(Saved entries)
┏━━

(* Let $R$ be a commutative ring, $S$ a subring of $R$, $I$ an ideal of $S$, $n\ge1$ and $f\in(T_n(R))[x]$. [Right] Let $1\le i\le n$. The following are equivalent: (1) for every $C\in T_n(S)$ all entries of the $i$-th row of $f(C)$ lie in $I$; (2) for all $C\in T_n(S)$ and all $h,j$ with $i\le h\le j\le n$, $[f_{ih}(C)]_{hj}\in I$; (3) for all $h,j$ with $i\le h\le j\le n$, $\langle f_{ih},p_{hj}\rangle\in\mathrm{Int}(S^{\ast},I)$; (4) $f_{ih}\in\mathrm{Int}_R(T_{n-h+1}(S),T_{n-h+1}(I))$ for $h=i,\dots,n$. [Left] Let $1\le j\le n$. The following are equivalent: (1) for every $C\in T_n(S)$ all entries of the $j$-th column of $f(C)_\ell$ lie in $I$; (2) for all $C\in T_n(S)$ and all $i,h$ with $1\le i\le h\le j$, $[f_{hj}(C)]_{ih}\in I$; (3) for all $i,h$ with $1\le i\le h\le j$, $\langle f_{hj},p_{ih}\rangle\in\mathrm{Int}(S^{\ast},I)$; (4) $f_{hj}\in\mathrm{Int}_R(T_h(S),T_h(I))$ for $h=1,\dots,j$.
   Context: $\mathbb{N}=\{1,2,3,\dots\}$. $T_n(A)$ denotes the ring of upper triangular $n\times n$ matrices over a ring $A$, and $[M]_{ij}$ the $(i,j)$-entry of a matrix $M$. For $f=\sum_k F_kx^k\in(T_n(R))[x]$ with $F_k\in T_n(R)$, right substitution is $f(C)=\sum_kF_kC^k$ and left substitution is $f(C)_\ell=\sum_kC^kF_k$. Writing $f_{ij}^{(k)}=[F_k]_{ij}$, set $f_{ij}=\sum_k f_{ij}^{(k)}x^k\in R[x]$. For $g\in R[x]$, $g(C)$ is the usual evaluation at a matrix, and $\mathrm{Int}_R(T_m(S),T_m(I))=\{g\in R[x]\mid \forall C\in T_m(S):\ g(C)\in T_m(I)\}$. Let $R[X]=R[\{x_{ab}\mid a,b\in\mathbb{N}\}]$. Path polynomials: for $1\le i\le j$ and $k>0$, $p_{ij}^{(k)}=\sum_{i=i_1\le i_2\le\dots\le i_{k+1}=j} x_{i_1i_2}\cdots x_{i_ki_{k+1}}$; for $1\le i\le j$, $p_{ij}^{(0)}=\delta_{ij}$; for $i>j$, $p_{ij}^{(k)}=0$. For $g=\sum_kg_kx^k\in R[x]$, $\langle g,p_{ij}\rangle=\sum_k g_kp_{ij}^{(k)}\in R[X]$. $\mathrm{Int}(S^{\ast},I)$ denotes the set of polynomials in $R[X]$ that take values in $I$ whenever elements of $S$ are substituted (independently) for all the variables. *)

theory Defs
  imports "HOL-Computational_Algebra.Polynomial"
begin

text \<open>Matrices of size n are functions nat => nat => 'a, indices 1..n, entries
  outside the range {1..n} x {1..n} are 0 by convention.\<close>

definition mat_one :: "nat \<Rightarrow> nat \<Rightarrow> nat \<Rightarrow> 'a::comm_ring_1" where
  "mat_one n i j = (if i = j \<and> 1 \<le> i \<and> i \<le> n then 1 else 0)"

definition mat_mult :: "nat \<Rightarrow> (nat \<Rightarrow> nat \<Rightarrow> 'a::comm_ring_1) \<Rightarrow> (nat \<Rightarrow> nat \<Rightarrow> 'a) \<Rightarrow> nat \<Rightarrow> nat \<Rightarrow> 'a" where
  "mat_mult n A B i j = (\<Sum>k\<in>{1..n}. A i k * B k j)"

primrec mat_pow :: "nat \<Rightarrow> (nat \<Rightarrow> nat \<Rightarrow> 'a::comm_ring_1) \<Rightarrow> nat \<Rightarrow> nat \<Rightarrow> nat \<Rightarrow> 'a" where
  "mat_pow n C 0 = mat_one n"
| "mat_pow n C (Suc k) = mat_mult n (mat_pow n C k) C"

definition in_T :: "nat \<Rightarrow> 'a::comm_ring_1 set \<Rightarrow> (nat \<Rightarrow> nat \<Rightarrow> 'a) \<Rightarrow> bool" where
  "in_T n A C \<longleftrightarrow> (\<forall>i j. (1 \<le> i \<and> i \<le> j \<and> j \<le> n \<longrightarrow> C i j \<in> A) \<and>
                        (\<not> (1 \<le> i \<and> i \<le> j \<and> j \<le> n) \<longrightarrow> C i j = 0))"

definition poly_mat :: "nat \<Rightarrow> 'a::comm_ring_1 poly \<Rightarrow> (nat \<Rightarrow> nat \<Rightarrow> 'a) \<Rightarrow> nat \<Rightarrow> nat \<Rightarrow> 'a" where
  "poly_mat m g C a b = (\<Sum>k\<le>degree g. coeff g k * mat_pow m C k a b)"

text \<open>A polynomial f = sum_k F_k x^k in (T_n(R))[x] is given by its entry polynomials
  f i j = sum_k [F_k]_ij x^k.  It lies in (T_n(R))[x] iff f i j = 0 unless 1 <= i <= j <= n.\<close>
definition is_Tpoly :: "nat \<Rightarrow> (nat \<Rightarrow> nat \<Rightarrow> 'a::comm_ring_1 poly) \<Rightarrow> bool" where
  "is_Tpoly n f \<longleftrightarrow> (\<forall>i j. \<not> (1 \<le> i \<and> i \<le> j \<and> j \<le> n) \<longrightarrow> f i j = 0)"

definition deg_bound :: "nat \<Rightarrow> (nat \<Rightarrow> nat \<Rightarrow> 'a::comm_ring_1 poly) \<Rightarrow> nat" where
  "deg_bound n f = (\<Sum>a\<in>{1..n}. \<Sum>b\<in>{1..n}. degree (f a b))"

text \<open>Right substitution f(C) = sum_k F_k C^k.\<close>
definition right_eval :: "nat \<Rightarrow> (nat \<Rightarrow> nat \<Rightarrow> 'a::comm_ring_1 poly) \<Rightarrow> (nat \<Rightarrow> nat \<Rightarrow> 'a) \<Rightarrow> nat \<Rightarrow> nat \<Rightarrow> 'a" where
  "right_eval n f C i j = (\<Sum>k\<le>deg_bound n f. \<Sum>h\<in>{1..n}. coeff (f i h) k * mat_pow n C k h j)"

text \<open>Left substitution f(C)_l = sum_k C^k F_k.\<close>
definition left_eval :: "nat \<Rightarrow> (nat \<Rightarrow> nat \<Rightarrow> 'a::comm_ring_1 poly) \<Rightarrow> (nat \<Rightarrow> nat \<Rightarrow> 'a) \<Rightarrow> nat \<Rightarrow> nat \<Rightarrow> 'a" where
  "left_eval n f C i j = (\<Sum>k\<le>deg_bound n f. \<Sum>h\<in>{1..n}. mat_pow n C k i h * coeff (f h j) k)"

definition Int_T :: "nat \<Rightarrow> 'a::comm_ring_1 set \<Rightarrow> 'a set \<Rightarrow> 'a poly set" where
  "Int_T m S I = {g. \<forall>C. in_T m S C \<longrightarrow> in_T m I (poly_mat m g C)}"

text \<open>Value of the path polynomial p_ij^(k) under the assignment x_ab := sigma (a,b):
  sum over i = i_1 <= i_2 <= ... <= i_(k+1) = j of the products.\<close>
fun path_val :: "(nat \<times> nat \<Rightarrow> 'a::comm_ring_1) \<Rightarrow> nat \<Rightarrow> nat \<Rightarrow> nat \<Rightarrow> 'a" where
  "path_val \<sigma> i j 0 = (if i = j then 1 else 0)"
| "path_val \<sigma> i j (Suc k) = (\<Sum>l\<in>{i..j}. \<sigma> (i, l) * path_val \<sigma> l j k)"

text \<open>The polynomial <g, p_ij> in R[X], represented by its evaluation function.\<close>
definition pair_path :: "'a::comm_ring_1 poly \<Rightarrow> nat \<Rightarrow> nat \<Rightarrow> (nat \<times> nat \<Rightarrow> 'a) \<Rightarrow> 'a" where
  "pair_path g i j \<sigma> = (\<Sum>k\<le>degree g. coeff g k * path_val \<sigma> i j k)"

definition Int_star :: "'a set \<Rightarrow> 'a set \<Rightarrow> ((nat \<times> nat \<Rightarrow> 'a) \<Rightarrow> 'a) \<Rightarrow> bool" where
  "Int_star S I P \<longleftrightarrow> (\<forall>\<sigma>. (\<forall>a b. \<sigma> (a, b) \<in> S) \<longrightarrow> P \<sigma> \<in> I)"

definition is_subring :: "'a::comm_ring_1 set \<Rightarrow> bool" where
  "is_subring S \<longleftrightarrow> 0 \<in> S \<and> 1 \<in> S \<and> (\<forall>a\<in>S. \<forall>b\<in>S. a + b \<in> S \<and> a - b \<in> S \<and> a * b \<in> S)"

definition is_ideal_of :: "'a::comm_ring_1 set \<Rightarrow> 'a set \<Rightarrow> bool" where
  "is_ideal_of I S \<longleftrightarrow> I \<subseteq> S \<and> 0 \<in> I \<and> (\<forall>a\<in>I. \<forall>b\<in>I. a + b \<in> I \<and> a - b \<in> I)
      \<and> (\<forall>s\<in>S. \<forall>a\<in>I. s * a \<in> I)"

end

theory Submission
  imports Defs
begin

text \<open>Powers of an upper triangular matrix C are sums over monotone index paths, so the (a,b)
  entry of g(C) is the path polynomial \<open>\<langle>g, p_ab\<rangle>\<close> evaluated at the entries of C, and since
  0 \<in> S every assignment of elements of S to the variables arises from some C \<in> T_n(S). Relabelling
  the variables shows that membership of \<open>\<langle>g, p_ab\<rangle>\<close> in Int(S*, I) depends only on b - a, which
  turns the entrywise conditions into membership in \<open>Int_R(T_m(S), T_m(I))\<close>. Finally, the (i,j)
  entry of f(C) is \<open>\<Sum>\<^sub>h [f_ih(C)]_hj\<close>: deleting the rows of C above row h isolates the tail sums
  of this expansion (for left substitution, deleting the columns after column h isolates its
  initial sums), and consecutive differences isolate each single term.\<close>

lemma path_val_cong:
  assumes "\<And>x y. a \<le> x \<Longrightarrow> x \<le> y \<Longrightarrow> y \<le> b \<Longrightarrow> \<sigma> (x, y) = \<tau> (x, y)"
  shows "path_val \<sigma> a b k = path_val \<tau> a b k"
  using assms
proof (induction k arbitrary: a)
  case (Suc k)
  show ?case
    unfolding path_val.simps using Suc.prems by (intro sum.cong refl arg_cong2[where f = "(*)"] Suc.IH) auto
qed simp

lemma pair_path_cong:
  "(\<And>x y. a \<le> x \<Longrightarrow> x \<le> y \<Longrightarrow> y \<le> b \<Longrightarrow> \<sigma> (x, y) = \<tau> (x, y)) \<Longrightarrow> pair_path g a b \<sigma> = pair_path g a b \<tau>"
  unfolding pair_path_def by (intro sum.cong refl arg_cong2[where f = "(*)"] path_val_cong)

lemma path_val_eq_0: "b < a \<Longrightarrow> path_val \<sigma> a b k = 0"
  by (cases k) auto

lemma path_val_shift: "path_val (\<lambda>(x, y). \<sigma> (x + c, y + c)) a b k = path_val \<sigma> (a + c) (b + c) k"
proof (induction k arbitrary: a)
  case (Suc k)
  have "path_val \<sigma> (a + c) (b + c) (Suc k) = (\<Sum>l\<in>{a..b}. \<sigma> (a + c, l + c) * path_val \<sigma> (l + c) (b + c) k)"
    by (simp add: sum.shift_bounds_cl_nat_ivl)
  with Suc.IH show ?case by simp
qed simp

lemma Int_star_pair_path_shift:
  "Int_star S I (pair_path g (a + c) (b + c)) \<longleftrightarrow> Int_star S I (pair_path g a b)"
proof -
  have shift: "pair_path g a b (\<lambda>(x, y). \<sigma> (x + c, y + c)) = pair_path g (a + c) (b + c) \<sigma>" for \<sigma>
    unfolding pair_path_def by (simp only: path_val_shift)
  show ?thesis
  proof
    assume H: "Int_star S I (pair_path g (a + c) (b + c))"
    show "Int_star S I (pair_path g a b)"
      unfolding Int_star_def
    proof (intro allI impI)
      fix \<sigma> :: "nat \<times> nat \<Rightarrow> 'a" assume "\<forall>x y. \<sigma> (x, y) \<in> S"
      then have "pair_path g (a + c) (b + c) (\<lambda>(x, y). \<sigma> (x - c, y - c)) \<in> I"
        using H unfolding Int_star_def by auto
      then show "pair_path g a b \<sigma> \<in> I"
        by (simp flip: shift)
    qed
  qed (auto simp: Int_star_def simp flip: shift)
qed

lemma Int_star_pair_path_translate:
  assumes "a \<le> b" "a' \<le> b'" "b - a = b' - a'"
  shows "Int_star S I (pair_path g a b) \<longleftrightarrow> Int_star S I (pair_path g a' b')"
proof -
  have "Int_star S I (pair_path g a b) \<longleftrightarrow> Int_star S I (pair_path g (0 + a) ((b - a) + a))"
    using assms(1) by simp
  also have "\<dots> \<longleftrightarrow> Int_star S I (pair_path g (0 + a') ((b' - a') + a'))"
    unfolding Int_star_pair_path_shift assms(3) ..
  finally show ?thesis
    using assms(2) by simp
qed

lemma mat_mult_assoc: "mat_mult n (mat_mult n A B) D = mat_mult n A (mat_mult n B D)"
  unfolding mat_mult_def
  by (intro ext) (simp add: sum_distrib_left sum_distrib_right mult.assoc, rule sum.swap)

lemma mat_mult_one_left: "mat_mult n (mat_one n) C a b = (if a \<in> {1..n} then C a b else 0)"
proof -
  have "mat_one n a k * C k b = (if k = a then (if a \<in> {1..n} then C a b else 0) else 0)" for k
    by (auto simp: mat_one_def)
  then show ?thesis
    unfolding mat_mult_def by (simp add: sum.delta')
qed

lemma mat_mult_one_right: "mat_mult n C (mat_one n) a b = (if b \<in> {1..n} then C a b else 0)"
proof -
  have "C a k * mat_one n k b = (if k = b then (if b \<in> {1..n} then C a b else 0) else 0)" for k
    by (auto simp: mat_one_def)
  then show ?thesis
    unfolding mat_mult_def by (simp add: sum.delta')
qed

lemma mat_pow_Suc_left:
  assumes "\<forall>a b. C a b \<noteq> 0 \<longrightarrow> a \<in> {1..n} \<and> b \<in> {1..n}"
  shows "mat_pow n C (Suc k) = mat_mult n C (mat_pow n C k)"
proof (induction k)
  case 0
  show ?case
    using assms by (fastforce intro!: ext simp: mat_mult_one_left mat_mult_one_right)
next
  case (Suc k)
  then show ?case
    by (simp add: mat_mult_assoc)
qed

lemma in_T_eq_0: "in_T n A C \<Longrightarrow> \<not> (1 \<le> a \<and> a \<le> b \<and> b \<le> n) \<Longrightarrow> C a b = 0"
  unfolding in_T_def by blast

┗━━

Which lines run from the one containing "(pair_path g (0 + a')" to the end of the entries above? Print them exactly, both ends included, and nothing else.

  also have "\<dots> \<longleftrightarrow> Int_star S I (pair_path g (0 + a') ((b' - a') + a'))"
    unfolding Int_star_pair_path_shift assms(3) ..
  finally show ?thesis
    using assms(2) by simp
qed

lemma mat_mult_assoc: "mat_mult n (mat_mult n A B) D = mat_mult n A (mat_mult n B D)"
  unfolding mat_mult_def
  by (intro ext) (simp add: sum_distrib_left sum_distrib_right mult.assoc, rule sum.swap)

lemma mat_mult_one_left: "mat_mult n (mat_one n) C a b = (if a \<in> {1..n} then C a b else 0)"
proof -
  have "mat_one n a k * C k b = (if k = a then (if a \<in> {1..n} then C a b else 0) else 0)" for k
    by (auto simp: mat_one_def)
  then show ?thesis
    unfolding mat_mult_def by (simp add: sum.delta')
qed

lemma mat_mult_one_right: "mat_mult n C (mat_one n) a b = (if b \<in> {1..n} then C a b else 0)"
proof -
  have "C a k * mat_one n k b = (if k = b then (if b \<in> {1..n} then C a b else 0) else 0)" for k
    by (auto simp: mat_one_def)
  then show ?thesis
    unfolding mat_mult_def by (simp add: sum.delta')
qed

lemma mat_pow_Suc_left:
  assumes "\<forall>a b. C a b \<noteq> 0 \<longrightarrow> a \<in> {1..n} \<and> b \<in> {1..n}"
  shows "mat_pow n C (Suc k) = mat_mult n C (mat_pow n C k)"
proof (induction k)
  case 0
  show ?case
    using assms by (fastforce intro!: ext simp: mat_mult_one_left mat_mult_one_right)
next
  case (Suc k)
  then show ?case
    by (simp add: mat_mult_assoc)
qed

lemma in_T_eq_0: "in_T n A C \<Longrightarrow> \<not> (1 \<le> a \<and> a \<le> b \<and> b \<le> n) \<Longrightarrow> C a b = 0"
  unfolding in_T_def by blast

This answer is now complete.